When all comes down to organizational behaviour of introducing something new, the organization and all its stakeholders obviously has this mandated obligation to raise the security whiteflag which is the ultimate red flag for full stop and nobody needs to argue if a security argument is a valid argument, everyone want security (even without considering the consequences of stopping the service/Product from launching). Who would EVER argue that we don’t consider security hence nobody will challenge your argument if you raise the security flag on a new solution and eventually, that’s what the true corporate cowboys are doing when they are at the 95% status point of go live for the new service. And secondly, when you are faced with security related requirements, its your problem because you brought this service to life. Its never EVER security’s responsibility to deliver input on how things should be done instead. So back to the startline.
Breaking the Cycle: The Security Participation Paradox
Fun fact, I have often again and again asked our security department to participate and engage from the first step of the design and/or implementation of a new service to mitigate the above scenario from happening. The most frequent feedback you get is usually, that security only is an advisory function and the service/product/platform should be designed and build and THEN security can assist with the assessment… or that I didn’t raise a resource allocation for security in a specific workload hence security should be engaged sooner, later or just whenever it fits security… and history repeats itself ! Or you forgot to raise a request for security about this…or… find the remaining examples in your memory 😊
Conclusions
If you want to introduce new services in an organization where someone else but yourself should review your architecture, consider a few key takeaways from the above.
- Include the people that is your biggest opponents from get go
- Get security commitment and involvement throughout the entire process and if security is not picking up the phone, have them to write the approval before you start
- Make sure the team that should support the thingy you are designing plays a pivotal role of designing it as well.
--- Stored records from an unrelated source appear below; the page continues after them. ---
lemma above_inverse_golden_ratio:
  assumes "1 / golden_ratio < r"
  shows "0 < r\<^sup>2 + r - 1"
proof -
  define g where "g = 1 / golden_ratio"
  have "g\<^sup>2 + g = 1"
    by (simp add: g_def inverse_golden_ratio power2_eq_square field_simps)
  then have "r\<^sup>2 + r - 1 = (r - g) * (r + g + 1)"
    by (simp add: power2_eq_square algebra_simps)
  moreover have "0 < g" "g < r"
    using inverse_golden_ratio_pos assms by (simp_all add: g_def)
  ultimately show ?thesis by simp
qed

lemma staircase_step_arith:
  fixes c q r :: real
  assumes "0 \<le> c" "0 \<le> q" "q \<le> 1" "c \<le> r\<^sup>2 + q - 1"
  shows "1 - real i * c \<le> r\<^sup>2 + q * (1 - (real i + 1) * c)"
proof -
  have "r\<^sup>2 + q * (1 - (real i + 1) * c) - (1 - real i * c)
      = (r\<^sup>2 + q - 1 - c) + c * (1 - q) + real i * c * (1 - q)"
    by (simp add: algebra_simps)
  moreover have "0 \<le> c * (1 - q)" "0 \<le> real i * c * (1 - q)"
    using assms by simp_all
  ultimately show ?thesis using assms(4) by linarith
qed

lemma golden_staircase_exists:
  assumes "1 / golden_ratio < r" "r < 1"
  shows "\<exists>d N p H. staircase d N p H r"
proof -
  define e where "e = r\<^sup>2 + r - 1"
  have r_pos: "0 < r" using assms inverse_golden_ratio_pos by linarith
  have e_pos: "0 < e" using above_inverse_golden_ratio[OF assms(1)] by (simp add: e_def)
  have "r\<^sup>2 < r" using r_pos assms(2) by (simp add: power2_eq_square)
  then have e_less: "e < 2 * r" by (simp add: e_def)
  obtain N :: nat where N: "2 * (1 - r) / e < real N"
    using reals_Archimedean2 by blast
  have "0 < 2 * (1 - r) / e"
    using assms(2) e_pos by simp
  with N have N_pos: "0 < real N"
    by linarith
  define c where "c = (1 - r) / real N"
  define p where "p = e / (2 * r)"
  define H where "H = r / p"
  define d where "d k = 1 - real k * c" for k
  have c_nonneg: "0 \<le> c" and c_le: "c \<le> e / 2" and Nc: "real N * c = 1 - r"
    using assms(2) N N_pos e_pos by (simp_all add: c_def field_simps)
  have p_bounds: "0 < p" "p < 1" and Hp: "H * p = r"
    using r_pos e_pos e_less by (simp_all add: p_def H_def field_simps)
  have q: "r * (1 - p) = r - e / 2"
    using r_pos by (simp add: p_def field_simps)
  have d_ge_r: "r \<le> d k" if "k \<le> N" for k
    using mult_right_mono[of "real k" "real N" c] that c_nonneg Nc by (simp add: d_def)
  show ?thesis
  proof (intro exI staircase.intro)
    show "0 \<le> p" "p \<le> 1" "0 < H * p" "H * p \<le> r * d 0" "d N \<le> r * d 0"
      using p_bounds Hp r_pos Nc by (simp_all add: d_def)
    show "0 \<le> d k" if "k \<le> N" for k
      using d_ge_r[OF that] r_pos by simp
    show "d i \<le> r * (H * p + d (Suc i) * (1 - p))" for i
    proof -
      have "r\<^sup>2 + (r - e / 2) - 1 = e / 2"
        using e_def by linarith
      then have "d i \<le> r\<^sup>2 + (r - e / 2) * (1 - (real i + 1) * c)"
        unfolding d_def using c_nonneg c_le e_pos e_less assms(2)
        by (intro staircase_step_arith) linarith+
      moreover have "r * (H * p + d (Suc i) * (1 - p)) = r\<^sup>2 + r * (1 - p) * d (Suc i)"
        by (simp add: Hp power2_eq_square algebra_simps)
      ultimately show ?thesis
        by (simp add: q d_def add.commute)
    qed
  qed
qed

lemma hard_instance_exists:
  assumes "1 / golden_ratio < r" "r < 1"
  shows "\<exists>F \<pi>. valid_instance F \<and> is_order F \<pi> \<and> OPT_val F \<pi> > 0 \<and>
           ALG_val A F \<pi> \<le> r * OPT_val F \<pi>"
proof -
  obtain d N p H where "staircase d N p H r"
    using golden_staircase_exists[OF assms] by blast
  then interpret staircase d N p H r .
  show ?thesis using valid_instance_staircase hard_order_exists[of A] by blast
qed

theorem theorem3p3:
  fixes A :: unaware_alg and \<delta> :: real
  assumes "\<delta> > 0"
  shows "\<exists>F \<pi>. valid_instance F \<and> is_order F \<pi> \<and> OPT_val F \<pi> > 0 \<and>
           ALG_val A F \<pi> \<le> (1 / golden_ratio + \<delta>) * OPT_val F \<pi>"
proof -
  define r where "r = min (1 / golden_ratio + \<delta>) ((1 / golden_ratio + 1) / 2)"
  have "1 / golden_ratio < r" "r < 1" "r \<le> 1 / golden_ratio + \<delta>"
    using assms inverse_golden_ratio_less_1 by (auto simp: r_def min_less_iff_disj)
  then obtain F \<pi> where "valid_instance F" "is_order F \<pi>" "OPT_val F \<pi> > 0"
      and "ALG_val A F \<pi> \<le> r * OPT_val F \<pi>"
    using hard_instance_exists by blast
  moreover have "r * OPT_val F \<pi> \<le> (1 / golden_ratio + \<delta>) * OPT_val F \<pi>"
    using \<open>r \<le> _\<close> \<open>OPT_val F \<pi> > 0\<close> by (simp add: mult_right_mono)
  ultimately show ?thesis by (meson order_trans)
qed

end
- Allow red tape in the first iterations. Nothing was build perfect in the first versions so allow for key features not available in the first build. (no, its still not a MVP!)
- Security readers: consider productivity and development in every aspect of your engagement with new services and if possible, hire developers to your security department, not enforcement administrators ! You play an vital role for new products if you engage in the earliest possible time of the development. Think about how artefacts can be secured from the time, they are written and defined!
- Try to convince yourself that its a journey…(I call BS on this one by myself!)
In the end, regardless of if you follow above or don’t and get to the finish line of your product launch and managing to get the security rubber approval, remember to have fun all the way. That will make all the meetings and approval gates just abit more fun to attend.
A final hint
PS: small hint 😊You will at least once during this article find all the BS words or concepts mentioned in the previous days during the article.